**Records:**

● ● ● ● ●

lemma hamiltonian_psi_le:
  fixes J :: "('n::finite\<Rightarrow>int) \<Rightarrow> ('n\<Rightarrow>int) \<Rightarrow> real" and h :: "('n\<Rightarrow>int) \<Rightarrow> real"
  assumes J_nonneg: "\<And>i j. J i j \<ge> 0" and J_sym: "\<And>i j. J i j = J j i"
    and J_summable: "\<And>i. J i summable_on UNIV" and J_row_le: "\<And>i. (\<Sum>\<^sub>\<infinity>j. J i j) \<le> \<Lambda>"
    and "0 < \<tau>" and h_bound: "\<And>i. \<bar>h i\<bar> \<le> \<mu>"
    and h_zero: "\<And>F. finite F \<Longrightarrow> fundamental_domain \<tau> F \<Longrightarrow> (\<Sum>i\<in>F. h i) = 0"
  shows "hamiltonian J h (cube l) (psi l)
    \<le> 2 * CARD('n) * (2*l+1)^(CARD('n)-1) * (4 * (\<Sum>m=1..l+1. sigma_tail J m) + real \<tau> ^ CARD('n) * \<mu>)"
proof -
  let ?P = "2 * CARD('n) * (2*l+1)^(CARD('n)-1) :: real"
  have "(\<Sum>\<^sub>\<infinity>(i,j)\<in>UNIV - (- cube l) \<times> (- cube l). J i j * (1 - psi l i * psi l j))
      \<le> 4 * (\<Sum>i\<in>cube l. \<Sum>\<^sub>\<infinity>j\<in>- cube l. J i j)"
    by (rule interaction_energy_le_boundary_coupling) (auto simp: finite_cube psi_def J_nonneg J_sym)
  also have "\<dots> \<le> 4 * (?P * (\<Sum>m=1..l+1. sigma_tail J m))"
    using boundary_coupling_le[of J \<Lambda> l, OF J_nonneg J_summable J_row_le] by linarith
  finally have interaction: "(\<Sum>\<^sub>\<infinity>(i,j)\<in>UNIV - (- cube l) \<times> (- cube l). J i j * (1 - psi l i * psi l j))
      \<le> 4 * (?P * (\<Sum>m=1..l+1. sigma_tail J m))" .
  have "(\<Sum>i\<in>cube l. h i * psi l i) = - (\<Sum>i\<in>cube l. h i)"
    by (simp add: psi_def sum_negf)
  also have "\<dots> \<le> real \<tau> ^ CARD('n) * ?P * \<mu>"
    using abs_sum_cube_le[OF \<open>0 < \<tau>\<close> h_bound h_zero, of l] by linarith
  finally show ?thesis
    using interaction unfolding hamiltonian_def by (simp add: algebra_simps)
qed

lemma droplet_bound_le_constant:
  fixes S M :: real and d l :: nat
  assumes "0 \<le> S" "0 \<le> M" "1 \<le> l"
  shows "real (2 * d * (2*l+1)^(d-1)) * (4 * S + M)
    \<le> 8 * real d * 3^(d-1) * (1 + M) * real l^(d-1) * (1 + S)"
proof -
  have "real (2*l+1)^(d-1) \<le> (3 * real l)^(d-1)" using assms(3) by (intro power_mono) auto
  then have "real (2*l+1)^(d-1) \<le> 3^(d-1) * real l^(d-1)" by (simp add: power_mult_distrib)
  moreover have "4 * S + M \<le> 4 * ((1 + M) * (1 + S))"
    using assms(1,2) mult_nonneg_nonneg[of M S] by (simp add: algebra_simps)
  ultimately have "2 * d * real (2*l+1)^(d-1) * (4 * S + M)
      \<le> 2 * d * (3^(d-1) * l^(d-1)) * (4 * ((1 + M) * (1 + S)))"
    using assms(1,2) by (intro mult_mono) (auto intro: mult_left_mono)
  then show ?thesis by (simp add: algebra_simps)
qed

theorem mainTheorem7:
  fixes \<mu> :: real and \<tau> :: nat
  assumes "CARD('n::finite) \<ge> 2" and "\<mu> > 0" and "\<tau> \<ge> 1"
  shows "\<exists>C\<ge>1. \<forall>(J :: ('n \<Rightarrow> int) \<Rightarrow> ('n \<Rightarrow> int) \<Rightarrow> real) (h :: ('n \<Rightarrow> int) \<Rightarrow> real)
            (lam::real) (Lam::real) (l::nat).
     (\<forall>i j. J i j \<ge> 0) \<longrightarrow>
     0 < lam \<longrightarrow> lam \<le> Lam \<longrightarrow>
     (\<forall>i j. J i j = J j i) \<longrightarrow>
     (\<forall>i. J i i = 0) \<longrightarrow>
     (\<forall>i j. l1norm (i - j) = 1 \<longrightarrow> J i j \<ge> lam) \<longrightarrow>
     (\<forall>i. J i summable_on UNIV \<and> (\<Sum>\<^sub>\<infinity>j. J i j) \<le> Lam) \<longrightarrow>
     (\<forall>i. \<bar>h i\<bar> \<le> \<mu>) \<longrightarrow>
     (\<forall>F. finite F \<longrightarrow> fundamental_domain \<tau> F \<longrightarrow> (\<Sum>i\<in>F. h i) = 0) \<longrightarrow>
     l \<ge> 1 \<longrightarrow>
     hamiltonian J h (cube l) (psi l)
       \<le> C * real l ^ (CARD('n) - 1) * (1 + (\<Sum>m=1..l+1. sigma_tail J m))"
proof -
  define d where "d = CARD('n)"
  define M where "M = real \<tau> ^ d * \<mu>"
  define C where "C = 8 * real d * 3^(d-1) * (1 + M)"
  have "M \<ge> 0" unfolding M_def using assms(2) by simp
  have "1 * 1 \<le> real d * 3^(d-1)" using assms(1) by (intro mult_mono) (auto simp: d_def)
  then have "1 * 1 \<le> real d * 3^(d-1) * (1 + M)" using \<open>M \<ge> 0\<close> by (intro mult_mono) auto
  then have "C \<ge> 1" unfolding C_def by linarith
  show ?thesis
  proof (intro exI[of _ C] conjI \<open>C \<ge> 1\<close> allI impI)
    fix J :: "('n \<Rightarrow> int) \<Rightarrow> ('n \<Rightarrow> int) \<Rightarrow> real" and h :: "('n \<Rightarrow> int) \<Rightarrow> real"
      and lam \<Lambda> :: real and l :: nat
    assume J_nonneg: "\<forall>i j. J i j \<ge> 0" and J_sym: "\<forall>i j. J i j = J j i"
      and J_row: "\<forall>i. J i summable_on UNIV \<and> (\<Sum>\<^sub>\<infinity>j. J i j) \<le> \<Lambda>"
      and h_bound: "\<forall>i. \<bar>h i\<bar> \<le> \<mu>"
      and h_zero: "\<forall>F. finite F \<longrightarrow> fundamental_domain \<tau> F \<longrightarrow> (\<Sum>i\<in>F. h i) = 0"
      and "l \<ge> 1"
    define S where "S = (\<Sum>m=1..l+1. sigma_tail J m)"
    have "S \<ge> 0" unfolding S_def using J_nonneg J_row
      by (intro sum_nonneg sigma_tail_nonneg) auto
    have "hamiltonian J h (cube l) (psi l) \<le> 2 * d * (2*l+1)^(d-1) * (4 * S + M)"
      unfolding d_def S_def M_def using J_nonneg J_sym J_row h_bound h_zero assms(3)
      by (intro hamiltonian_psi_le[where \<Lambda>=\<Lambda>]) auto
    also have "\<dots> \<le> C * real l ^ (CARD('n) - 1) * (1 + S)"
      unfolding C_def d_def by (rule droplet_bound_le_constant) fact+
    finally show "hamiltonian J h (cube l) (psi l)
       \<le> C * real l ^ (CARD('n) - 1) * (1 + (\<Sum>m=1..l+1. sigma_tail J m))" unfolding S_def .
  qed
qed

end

● ● ● ● ●

**What needs to be done:** Write the whole listing out again exactly.

**Exercise answer:**
lemma hamiltonian_psi_le:
  fixes J :: "('n::finite\<Rightarrow>int) \<Rightarrow> ('n\<Rightarrow>int) \<Rightarrow> real" and h :: "('n\<Rightarrow>int) \<Rightarrow> real"
  assumes J_nonneg: "\<And>i j. J i j \<ge> 0" and J_sym: "\<And>i j. J i j = J j i"
    and J_summable: "\<And>i. J i summable_on UNIV" and J_row_le: "\<And>i. (\<Sum>\<^sub>\<infinity>j. J i j) \<le> \<Lambda>"
    and "0 < \<tau>" and h_bound: "\<And>i. \<bar>h i\<bar> \<le> \<mu>"
    and h_zero: "\<And>F. finite F \<Longrightarrow> fundamental_domain \<tau> F \<Longrightarrow> (\<Sum>i\<in>F. h i) = 0"
  shows "hamiltonian J h (cube l) (psi l)
    \<le> 2 * CARD('n) * (2*l+1)^(CARD('n)-1) * (4 * (\<Sum>m=1..l+1. sigma_tail J m) + real \<tau> ^ CARD('n) * \<mu>)"
proof -
  let ?P = "2 * CARD('n) * (2*l+1)^(CARD('n)-1) :: real"
  have "(\<Sum>\<^sub>\<infinity>(i,j)\<in>UNIV - (- cube l) \<times> (- cube l). J i j * (1 - psi l i * psi l j))
      \<le> 4 * (\<Sum>i\<in>cube l. \<Sum>\<^sub>\<infinity>j\<in>- cube l. J i j)"
    by (rule interaction_energy_le_boundary_coupling) (auto simp: finite_cube psi_def J_nonneg J_sym)
  also have "\<dots> \<le> 4 * (?P * (\<Sum>m=1..l+1. sigma_tail J m))"
    using boundary_coupling_le[of J \<Lambda> l, OF J_nonneg J_summable J_row_le] by linarith
  finally have interaction: "(\<Sum>\<^sub>\<infinity>(i,j)\<in>UNIV - (- cube l) \<times> (- cube l). J i j * (1 - psi l i * psi l j))
      \<le> 4 * (?P * (\<Sum>m=1..l+1. sigma_tail J m))" .
  have "(\<Sum>i\<in>cube l. h i * psi l i) = - (\<Sum>i\<in>cube l. h i)"
    by (simp add: psi_def sum_negf)
  also have "\<dots> \<le> real \<tau> ^ CARD('n) * ?P * \<mu>"
    using abs_sum_cube_le[OF \<open>0 < \<tau>\<close> h_bound h_zero, of l] by linarith
  finally show ?thesis
    using interaction unfolding hamiltonian_def by (simp add: algebra_simps)
qed

lemma droplet_bound_le_constant:
  fixes S M :: real and d l :: nat
  assumes "0 \<le> S" "0 \<le> M" "1 \<le> l"
  shows "real (2 * d * (2*l+1)^(d-1)) * (4 * S + M)
    \<le> 8 * real d * 3^(d-1) * (1 + M) * real l^(d-1) * (1 + S)"
proof -
  have "real (2*l+1)^(d-1) \<le> (3 * real l)^(d-1)" using assms(3) by (intro power_mono) auto
  then have "real (2*l+1)^(d-1) \<le> 3^(d-1) * real l^(d-1)" by (simp add: power_mult_distrib)
  moreover have "4 * S + M \<le> 4 * ((1 + M) * (1 + S))"
    using assms(1,2) mult_nonneg_nonneg[of M S] by (simp add: algebra_simps)
  ultimately have "2 * d * real (2*l+1)^(d-1) * (4 * S + M)
      \<le> 2 * d * (3^(d-1) * l^(d-1)) * (4 * ((1 + M) * (1 + S)))"
    using assms(1,2) by (intro mult_mono) (auto intro: mult_left_mono)
  then show ?thesis by (simp add: algebra_simps)
qed

theorem mainTheorem7:
  fixes \<mu> :: real and \<tau> :: nat
  assumes "CARD('n::finite) \<ge> 2" and "\<mu> > 0" and "\<tau> \<ge> 1"
  shows "\<exists>C\<ge>1. \<forall>(J :: ('n \<Rightarrow> int) \<Rightarrow> ('n \<Rightarrow> int) \<Rightarrow> real) (h :: ('n \<Rightarrow> int) \<Rightarrow> real)
            (lam::real) (Lam::real) (l::nat).
     (\<forall>i j. J i j \<ge> 0) \<longrightarrow>
     0 < lam \<longrightarrow> lam \<le> Lam \<longrightarrow>
     (\<forall>i j. J i j = J j i) \<longrightarrow>
     (\<forall>i. J i i = 0) \<longrightarrow>
     (\<forall>i j. l1norm (i - j) = 1 \<longrightarrow> J i j \<ge> lam) \<longrightarrow>
     (\<forall>i. J i summable_on UNIV \<and> (\<Sum>\<^sub>\<infinity>j. J i j) \<le> Lam) \<longrightarrow>
     (\<forall>i. \<bar>h i\<bar> \<le> \<mu>) \<longrightarrow>
     (\<forall>F. finite F \<longrightarrow> fundamental_domain \<tau> F \<longrightarrow> (\<Sum>i\<in>F. h i) = 0) \<longrightarrow>
     l \<ge> 1 \<longrightarrow>
     hamiltonian J h (cube l) (psi l)
       \<le> C * real l ^ (CARD('n) - 1) * (1 + (\<Sum>m=1..l+1. sigma_tail J m))"
proof -
  define d where "d = CARD('n)"
  define M where "M = real \<tau> ^ d * \<mu>"
  define C where "C = 8 * real d * 3^(d-1) * (1 + M)"
  have "M \<ge> 0" unfolding M_def using assms(2) by simp
  have "1 * 1 \<le> real d * 3^(d-1)" using assms(1) by (intro mult_mono) (auto simp: d_def)
  then have "1 * 1 \<le> real d * 3^(d-1) * (1 + M)" using \<open>M \<ge> 0\<close> by (intro mult_mono) auto
  then have "C \<ge> 1" unfolding C_def by linarith
  show ?thesis
  proof (intro exI[of _ C] conjI \<open>C \<ge> 1\<close> allI impI)
    fix J :: "('n \<Rightarrow> int) \<Rightarrow> ('n \<Rightarrow> int) \<Rightarrow> real" and h :: "('n \<Rightarrow> int) \<Rightarrow> real"
      and lam \<Lambda> :: real and l :: nat
    assume J_nonneg: "\<forall>i j. J i j \<ge> 0" and J_sym: "\<forall>i j. J i j = J j i"
      and J_row: "\<forall>i. J i summable_on UNIV \<and> (\<Sum>\<^sub>\<infinity>j. J i j) \<le> \<Lambda>"
      and h_bound: "\<forall>i. \<bar>h i\<bar> \<le> \<mu>"
      and h_zero: "\<forall>F. finite F \<longrightarrow> fundamental_domain \<tau> F \<longrightarrow> (\<Sum>i\<in>F. h i) = 0"
      and "l \<ge> 1"
    define S where "S = (\<Sum>m=1..l+1. sigma_tail J m)"
    have "S \<ge> 0" unfolding S_def using J_nonneg J_row
      by (intro sum_nonneg sigma_tail_nonneg) auto
    have "hamiltonian J h (cube l) (psi l) \<le> 2 * d * (2*l+1)^(d-1) * (4 * S + M)"
      unfolding d_def S_def M_def using J_nonneg J_sym J_row h_bound h_zero assms(3)
      by (intro hamiltonian_psi_le[where \<Lambda>=\<Lambda>]) auto
    also have "\<dots> \<le> C * real l ^ (CARD('n) - 1) * (1 + S)"
      unfolding C_def d_def by (rule droplet_bound_le_constant) fact+
    finally show "hamiltonian J h (cube l) (psi l)
       \<le> C * real l ^ (CARD('n) - 1) * (1 + (\<Sum>m=1..l+1. sigma_tail J m))" unfolding S_def .
  qed
qed

end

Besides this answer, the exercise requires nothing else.